Extracted material:
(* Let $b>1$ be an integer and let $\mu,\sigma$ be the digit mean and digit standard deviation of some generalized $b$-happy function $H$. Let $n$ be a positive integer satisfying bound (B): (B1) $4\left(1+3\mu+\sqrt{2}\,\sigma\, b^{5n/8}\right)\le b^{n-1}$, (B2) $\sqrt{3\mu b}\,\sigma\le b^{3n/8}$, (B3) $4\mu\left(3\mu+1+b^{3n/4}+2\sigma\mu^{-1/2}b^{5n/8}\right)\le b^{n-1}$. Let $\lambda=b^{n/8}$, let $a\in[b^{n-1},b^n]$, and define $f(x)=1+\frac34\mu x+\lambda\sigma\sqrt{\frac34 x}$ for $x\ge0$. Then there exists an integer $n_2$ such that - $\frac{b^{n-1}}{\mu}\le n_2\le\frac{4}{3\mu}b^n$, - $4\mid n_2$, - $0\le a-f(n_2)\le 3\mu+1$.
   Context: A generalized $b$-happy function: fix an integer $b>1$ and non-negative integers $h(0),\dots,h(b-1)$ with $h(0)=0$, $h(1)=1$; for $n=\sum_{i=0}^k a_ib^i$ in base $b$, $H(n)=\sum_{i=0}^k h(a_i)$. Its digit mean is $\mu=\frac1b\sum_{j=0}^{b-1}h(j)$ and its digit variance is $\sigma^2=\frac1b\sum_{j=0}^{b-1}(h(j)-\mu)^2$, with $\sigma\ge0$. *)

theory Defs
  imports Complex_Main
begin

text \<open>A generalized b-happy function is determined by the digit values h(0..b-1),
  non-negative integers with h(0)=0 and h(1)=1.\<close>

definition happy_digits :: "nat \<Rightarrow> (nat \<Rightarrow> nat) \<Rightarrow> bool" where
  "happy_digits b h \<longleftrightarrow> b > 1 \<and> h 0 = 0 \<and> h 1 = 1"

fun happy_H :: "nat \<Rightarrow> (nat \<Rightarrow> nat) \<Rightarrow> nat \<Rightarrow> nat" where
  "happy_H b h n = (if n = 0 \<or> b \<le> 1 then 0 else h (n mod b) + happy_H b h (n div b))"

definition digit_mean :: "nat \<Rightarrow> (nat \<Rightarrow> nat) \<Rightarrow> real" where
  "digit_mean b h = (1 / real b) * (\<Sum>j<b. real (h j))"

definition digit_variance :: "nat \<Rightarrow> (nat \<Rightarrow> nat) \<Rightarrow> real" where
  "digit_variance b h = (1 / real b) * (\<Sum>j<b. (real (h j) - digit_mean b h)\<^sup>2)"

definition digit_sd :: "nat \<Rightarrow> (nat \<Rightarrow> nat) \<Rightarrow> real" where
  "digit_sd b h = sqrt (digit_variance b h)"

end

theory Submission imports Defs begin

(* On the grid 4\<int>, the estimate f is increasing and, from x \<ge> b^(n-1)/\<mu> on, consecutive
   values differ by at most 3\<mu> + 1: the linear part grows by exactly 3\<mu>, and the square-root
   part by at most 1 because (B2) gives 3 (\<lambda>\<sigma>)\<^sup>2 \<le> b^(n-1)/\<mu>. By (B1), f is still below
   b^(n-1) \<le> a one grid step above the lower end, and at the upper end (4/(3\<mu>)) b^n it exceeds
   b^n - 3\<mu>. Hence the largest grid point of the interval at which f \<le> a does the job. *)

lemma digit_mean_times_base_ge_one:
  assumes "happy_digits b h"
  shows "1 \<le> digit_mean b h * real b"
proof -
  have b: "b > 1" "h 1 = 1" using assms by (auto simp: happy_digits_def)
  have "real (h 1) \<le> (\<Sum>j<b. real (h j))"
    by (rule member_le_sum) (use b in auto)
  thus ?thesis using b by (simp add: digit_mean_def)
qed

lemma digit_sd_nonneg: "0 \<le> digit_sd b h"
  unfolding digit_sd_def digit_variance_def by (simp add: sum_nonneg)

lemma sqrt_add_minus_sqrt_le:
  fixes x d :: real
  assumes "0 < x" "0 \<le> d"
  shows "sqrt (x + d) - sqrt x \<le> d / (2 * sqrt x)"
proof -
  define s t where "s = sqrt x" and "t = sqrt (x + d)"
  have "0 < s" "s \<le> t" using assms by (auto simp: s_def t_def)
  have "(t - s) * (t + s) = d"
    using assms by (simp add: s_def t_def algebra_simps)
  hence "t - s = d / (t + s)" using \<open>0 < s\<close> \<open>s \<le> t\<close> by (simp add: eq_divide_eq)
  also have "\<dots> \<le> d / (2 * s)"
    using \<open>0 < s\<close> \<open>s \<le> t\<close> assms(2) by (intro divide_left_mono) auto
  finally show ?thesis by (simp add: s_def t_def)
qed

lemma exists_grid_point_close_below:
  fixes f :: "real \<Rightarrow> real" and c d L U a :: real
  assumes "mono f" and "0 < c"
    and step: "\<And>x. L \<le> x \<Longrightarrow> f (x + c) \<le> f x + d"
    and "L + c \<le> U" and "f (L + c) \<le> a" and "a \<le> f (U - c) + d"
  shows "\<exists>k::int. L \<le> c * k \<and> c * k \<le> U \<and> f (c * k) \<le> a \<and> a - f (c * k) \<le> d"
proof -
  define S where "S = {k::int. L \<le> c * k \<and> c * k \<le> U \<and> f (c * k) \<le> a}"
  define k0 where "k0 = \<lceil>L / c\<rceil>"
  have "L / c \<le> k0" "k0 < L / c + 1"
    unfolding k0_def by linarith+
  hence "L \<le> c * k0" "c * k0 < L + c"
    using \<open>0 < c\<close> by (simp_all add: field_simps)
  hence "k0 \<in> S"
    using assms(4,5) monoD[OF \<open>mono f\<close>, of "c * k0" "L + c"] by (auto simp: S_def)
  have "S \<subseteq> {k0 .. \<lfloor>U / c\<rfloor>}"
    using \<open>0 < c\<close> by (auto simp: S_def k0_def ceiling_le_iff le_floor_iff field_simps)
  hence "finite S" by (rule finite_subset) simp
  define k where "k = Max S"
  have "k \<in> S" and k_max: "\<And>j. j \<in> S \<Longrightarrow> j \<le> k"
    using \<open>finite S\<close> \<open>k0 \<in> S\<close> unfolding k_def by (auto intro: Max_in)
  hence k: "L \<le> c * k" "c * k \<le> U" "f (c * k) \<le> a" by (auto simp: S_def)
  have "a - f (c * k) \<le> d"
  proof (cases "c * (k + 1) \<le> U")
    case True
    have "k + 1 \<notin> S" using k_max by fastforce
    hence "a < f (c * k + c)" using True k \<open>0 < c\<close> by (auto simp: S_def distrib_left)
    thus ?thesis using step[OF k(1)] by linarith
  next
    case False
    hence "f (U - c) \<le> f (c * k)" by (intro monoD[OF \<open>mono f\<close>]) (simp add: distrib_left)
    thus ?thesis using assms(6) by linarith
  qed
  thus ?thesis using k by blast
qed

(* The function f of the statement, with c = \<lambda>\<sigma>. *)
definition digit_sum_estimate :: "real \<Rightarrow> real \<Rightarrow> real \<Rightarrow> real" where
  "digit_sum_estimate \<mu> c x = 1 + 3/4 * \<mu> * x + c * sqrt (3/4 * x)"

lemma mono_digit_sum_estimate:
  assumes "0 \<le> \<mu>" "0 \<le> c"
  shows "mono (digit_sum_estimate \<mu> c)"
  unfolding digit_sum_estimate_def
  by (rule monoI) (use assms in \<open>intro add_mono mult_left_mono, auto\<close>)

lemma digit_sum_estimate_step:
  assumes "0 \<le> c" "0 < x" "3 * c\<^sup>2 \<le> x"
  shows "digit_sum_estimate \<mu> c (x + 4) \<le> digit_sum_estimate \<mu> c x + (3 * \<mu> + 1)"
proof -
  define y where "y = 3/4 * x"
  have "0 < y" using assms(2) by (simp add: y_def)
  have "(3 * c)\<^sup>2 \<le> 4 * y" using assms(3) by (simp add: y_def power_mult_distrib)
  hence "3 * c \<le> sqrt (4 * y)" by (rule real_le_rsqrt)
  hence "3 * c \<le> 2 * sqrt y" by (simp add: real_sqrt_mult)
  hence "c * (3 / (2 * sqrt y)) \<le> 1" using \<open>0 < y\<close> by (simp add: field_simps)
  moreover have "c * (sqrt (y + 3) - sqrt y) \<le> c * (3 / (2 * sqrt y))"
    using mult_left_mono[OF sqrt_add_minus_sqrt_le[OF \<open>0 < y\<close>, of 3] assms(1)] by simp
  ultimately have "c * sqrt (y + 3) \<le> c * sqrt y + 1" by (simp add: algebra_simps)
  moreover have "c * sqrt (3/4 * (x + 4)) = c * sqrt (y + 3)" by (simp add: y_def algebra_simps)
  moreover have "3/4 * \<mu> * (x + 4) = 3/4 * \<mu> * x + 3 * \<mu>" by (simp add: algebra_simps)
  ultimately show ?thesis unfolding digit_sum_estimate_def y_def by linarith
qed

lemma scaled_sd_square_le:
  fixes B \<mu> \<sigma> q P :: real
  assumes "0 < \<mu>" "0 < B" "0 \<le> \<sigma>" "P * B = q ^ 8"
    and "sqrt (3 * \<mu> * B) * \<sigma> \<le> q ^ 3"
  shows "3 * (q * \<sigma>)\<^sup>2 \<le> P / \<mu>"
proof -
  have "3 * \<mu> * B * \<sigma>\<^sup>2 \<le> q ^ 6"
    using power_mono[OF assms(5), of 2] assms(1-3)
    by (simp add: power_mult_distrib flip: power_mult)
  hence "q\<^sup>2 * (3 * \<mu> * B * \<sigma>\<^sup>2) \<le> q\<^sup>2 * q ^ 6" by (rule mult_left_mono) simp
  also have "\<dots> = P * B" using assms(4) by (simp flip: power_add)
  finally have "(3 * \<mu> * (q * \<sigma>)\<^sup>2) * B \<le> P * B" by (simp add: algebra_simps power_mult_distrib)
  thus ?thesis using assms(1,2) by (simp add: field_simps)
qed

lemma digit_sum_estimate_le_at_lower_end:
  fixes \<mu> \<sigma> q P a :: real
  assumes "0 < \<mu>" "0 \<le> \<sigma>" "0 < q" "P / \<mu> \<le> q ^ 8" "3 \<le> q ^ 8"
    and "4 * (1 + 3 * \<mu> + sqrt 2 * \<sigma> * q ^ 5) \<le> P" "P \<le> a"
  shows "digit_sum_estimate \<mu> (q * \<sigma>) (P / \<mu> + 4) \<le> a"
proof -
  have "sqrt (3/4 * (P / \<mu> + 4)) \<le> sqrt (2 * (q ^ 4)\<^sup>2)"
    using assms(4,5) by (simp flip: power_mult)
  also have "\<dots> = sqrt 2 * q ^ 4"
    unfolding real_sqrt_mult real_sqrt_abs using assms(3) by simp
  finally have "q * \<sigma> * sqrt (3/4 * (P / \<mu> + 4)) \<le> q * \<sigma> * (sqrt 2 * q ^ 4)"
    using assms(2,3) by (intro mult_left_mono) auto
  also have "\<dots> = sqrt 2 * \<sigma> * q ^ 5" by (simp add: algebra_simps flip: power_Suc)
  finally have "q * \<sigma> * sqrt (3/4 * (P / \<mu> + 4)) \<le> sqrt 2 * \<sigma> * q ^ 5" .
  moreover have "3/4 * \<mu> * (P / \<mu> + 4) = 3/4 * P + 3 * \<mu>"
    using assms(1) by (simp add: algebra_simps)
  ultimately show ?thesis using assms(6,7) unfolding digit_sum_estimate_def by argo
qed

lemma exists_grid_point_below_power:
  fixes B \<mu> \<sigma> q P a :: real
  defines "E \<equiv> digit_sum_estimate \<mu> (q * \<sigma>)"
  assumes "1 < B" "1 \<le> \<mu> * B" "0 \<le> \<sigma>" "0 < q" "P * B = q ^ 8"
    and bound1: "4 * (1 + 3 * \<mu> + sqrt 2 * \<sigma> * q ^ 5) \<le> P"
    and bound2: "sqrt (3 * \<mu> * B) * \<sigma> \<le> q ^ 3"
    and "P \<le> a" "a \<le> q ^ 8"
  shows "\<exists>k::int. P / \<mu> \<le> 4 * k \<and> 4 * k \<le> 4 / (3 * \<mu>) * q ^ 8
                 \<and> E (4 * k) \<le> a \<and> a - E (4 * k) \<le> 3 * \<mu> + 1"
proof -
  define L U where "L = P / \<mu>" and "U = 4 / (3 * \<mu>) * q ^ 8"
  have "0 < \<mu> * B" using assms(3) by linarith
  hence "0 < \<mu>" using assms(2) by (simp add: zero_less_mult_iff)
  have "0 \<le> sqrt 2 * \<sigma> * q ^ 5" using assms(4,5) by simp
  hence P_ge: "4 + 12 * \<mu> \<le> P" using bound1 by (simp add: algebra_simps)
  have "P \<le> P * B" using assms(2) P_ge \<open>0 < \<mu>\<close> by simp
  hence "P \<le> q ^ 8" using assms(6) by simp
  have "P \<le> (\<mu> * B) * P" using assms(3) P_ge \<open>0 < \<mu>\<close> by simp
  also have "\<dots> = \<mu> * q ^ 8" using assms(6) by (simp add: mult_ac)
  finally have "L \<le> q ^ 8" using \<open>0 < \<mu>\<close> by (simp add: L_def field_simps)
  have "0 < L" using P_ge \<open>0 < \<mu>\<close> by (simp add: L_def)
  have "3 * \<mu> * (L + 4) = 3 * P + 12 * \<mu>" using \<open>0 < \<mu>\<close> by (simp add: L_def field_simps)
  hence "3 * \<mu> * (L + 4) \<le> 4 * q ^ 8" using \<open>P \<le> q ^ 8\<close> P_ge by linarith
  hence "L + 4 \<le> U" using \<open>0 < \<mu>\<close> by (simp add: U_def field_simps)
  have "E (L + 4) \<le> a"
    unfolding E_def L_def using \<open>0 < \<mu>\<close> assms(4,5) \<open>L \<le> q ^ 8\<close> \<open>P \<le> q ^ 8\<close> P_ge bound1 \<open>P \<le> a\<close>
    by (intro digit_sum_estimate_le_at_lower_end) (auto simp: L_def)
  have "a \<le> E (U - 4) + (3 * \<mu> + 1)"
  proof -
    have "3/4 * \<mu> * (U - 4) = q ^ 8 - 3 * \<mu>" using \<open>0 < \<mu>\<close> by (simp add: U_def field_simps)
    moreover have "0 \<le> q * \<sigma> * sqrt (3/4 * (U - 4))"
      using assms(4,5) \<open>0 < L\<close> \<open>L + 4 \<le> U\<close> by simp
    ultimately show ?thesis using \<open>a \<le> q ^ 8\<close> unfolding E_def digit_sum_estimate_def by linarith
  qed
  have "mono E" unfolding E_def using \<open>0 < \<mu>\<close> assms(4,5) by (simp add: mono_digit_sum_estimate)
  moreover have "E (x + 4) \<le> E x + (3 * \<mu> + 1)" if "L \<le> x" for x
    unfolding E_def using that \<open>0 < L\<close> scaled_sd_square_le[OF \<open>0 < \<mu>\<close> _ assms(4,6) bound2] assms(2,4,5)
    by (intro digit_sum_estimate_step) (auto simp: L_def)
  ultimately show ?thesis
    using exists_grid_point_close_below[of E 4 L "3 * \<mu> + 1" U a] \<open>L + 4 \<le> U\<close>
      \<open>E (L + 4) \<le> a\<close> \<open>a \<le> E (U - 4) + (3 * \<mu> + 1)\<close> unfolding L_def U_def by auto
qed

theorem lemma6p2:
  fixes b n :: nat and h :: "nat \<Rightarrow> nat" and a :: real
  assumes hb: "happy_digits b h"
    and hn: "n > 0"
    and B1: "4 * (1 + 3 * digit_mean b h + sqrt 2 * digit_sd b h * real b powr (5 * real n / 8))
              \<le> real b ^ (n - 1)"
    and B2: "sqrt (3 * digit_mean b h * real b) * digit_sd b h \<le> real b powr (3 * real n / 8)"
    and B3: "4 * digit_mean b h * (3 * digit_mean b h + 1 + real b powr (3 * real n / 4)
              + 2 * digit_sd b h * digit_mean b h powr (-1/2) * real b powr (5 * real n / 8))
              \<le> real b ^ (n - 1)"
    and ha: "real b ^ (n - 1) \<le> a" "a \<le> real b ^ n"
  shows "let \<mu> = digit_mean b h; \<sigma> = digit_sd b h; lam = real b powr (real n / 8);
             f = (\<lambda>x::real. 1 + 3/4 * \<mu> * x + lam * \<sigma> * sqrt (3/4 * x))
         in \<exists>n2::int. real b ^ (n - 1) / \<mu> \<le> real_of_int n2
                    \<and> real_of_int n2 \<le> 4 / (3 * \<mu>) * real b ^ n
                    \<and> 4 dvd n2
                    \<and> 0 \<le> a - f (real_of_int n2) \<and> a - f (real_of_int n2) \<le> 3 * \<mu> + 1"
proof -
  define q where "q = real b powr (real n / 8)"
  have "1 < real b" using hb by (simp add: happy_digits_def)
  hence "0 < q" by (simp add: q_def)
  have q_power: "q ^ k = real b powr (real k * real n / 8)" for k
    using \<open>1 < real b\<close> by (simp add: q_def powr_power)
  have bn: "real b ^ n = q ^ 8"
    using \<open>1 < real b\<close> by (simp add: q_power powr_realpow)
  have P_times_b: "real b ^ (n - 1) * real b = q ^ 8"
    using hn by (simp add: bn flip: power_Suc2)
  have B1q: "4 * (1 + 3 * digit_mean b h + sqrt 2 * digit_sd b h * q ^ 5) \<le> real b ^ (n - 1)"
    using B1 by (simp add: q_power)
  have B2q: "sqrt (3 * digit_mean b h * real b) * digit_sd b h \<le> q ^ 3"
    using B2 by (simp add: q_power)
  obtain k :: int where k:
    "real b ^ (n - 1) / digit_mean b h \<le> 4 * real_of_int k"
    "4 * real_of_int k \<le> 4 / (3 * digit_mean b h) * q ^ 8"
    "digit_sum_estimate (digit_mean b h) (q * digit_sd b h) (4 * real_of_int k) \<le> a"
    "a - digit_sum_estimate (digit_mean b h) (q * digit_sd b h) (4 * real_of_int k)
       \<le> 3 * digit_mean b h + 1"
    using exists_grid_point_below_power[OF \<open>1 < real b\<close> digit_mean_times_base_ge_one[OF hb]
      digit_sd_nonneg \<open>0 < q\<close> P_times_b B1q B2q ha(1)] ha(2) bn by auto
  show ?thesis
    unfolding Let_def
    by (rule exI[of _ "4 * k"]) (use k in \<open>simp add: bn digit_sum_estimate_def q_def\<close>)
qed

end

Task directions: Restate word for word the lines above, beginning at the first one and ending at the line that carries "theory Defs".

Exercise result:
(* Let $b>1$ be an integer and let $\mu,\sigma$ be the digit mean and digit standard deviation of some generalized $b$-happy function $H$. Let $n$ be a positive integer satisfying bound (B): (B1) $4\left(1+3\mu+\sqrt{2}\,\sigma\, b^{5n/8}\right)\le b^{n-1}$, (B2) $\sqrt{3\mu b}\,\sigma\le b^{3n/8}$, (B3) $4\mu\left(3\mu+1+b^{3n/4}+2\sigma\mu^{-1/2}b^{5n/8}\right)\le b^{n-1}$. Let $\lambda=b^{n/8}$, let $a\in[b^{n-1},b^n]$, and define $f(x)=1+\frac34\mu x+\lambda\sigma\sqrt{\frac34 x}$ for $x\ge0$. Then there exists an integer $n_2$ such that - $\frac{b^{n-1}}{\mu}\le n_2\le\frac{4}{3\mu}b^n$, - $4\mid n_2$, - $0\le a-f(n_2)\le 3\mu+1$.
   Context: A generalized $b$-happy function: fix an integer $b>1$ and non-negative integers $h(0),\dots,h(b-1)$ with $h(0)=0$, $h(1)=1$; for $n=\sum_{i=0}^k a_ib^i$ in base $b$, $H(n)=\sum_{i=0}^k h(a_i)$. Its digit mean is $\mu=\frac1b\sum_{j=0}^{b-1}h(j)$ and its digit variance is $\sigma^2=\frac1b\sum_{j=0}^{b-1}(h(j)-\mu)^2$, with $\sigma\ge0$. *)

theory Defs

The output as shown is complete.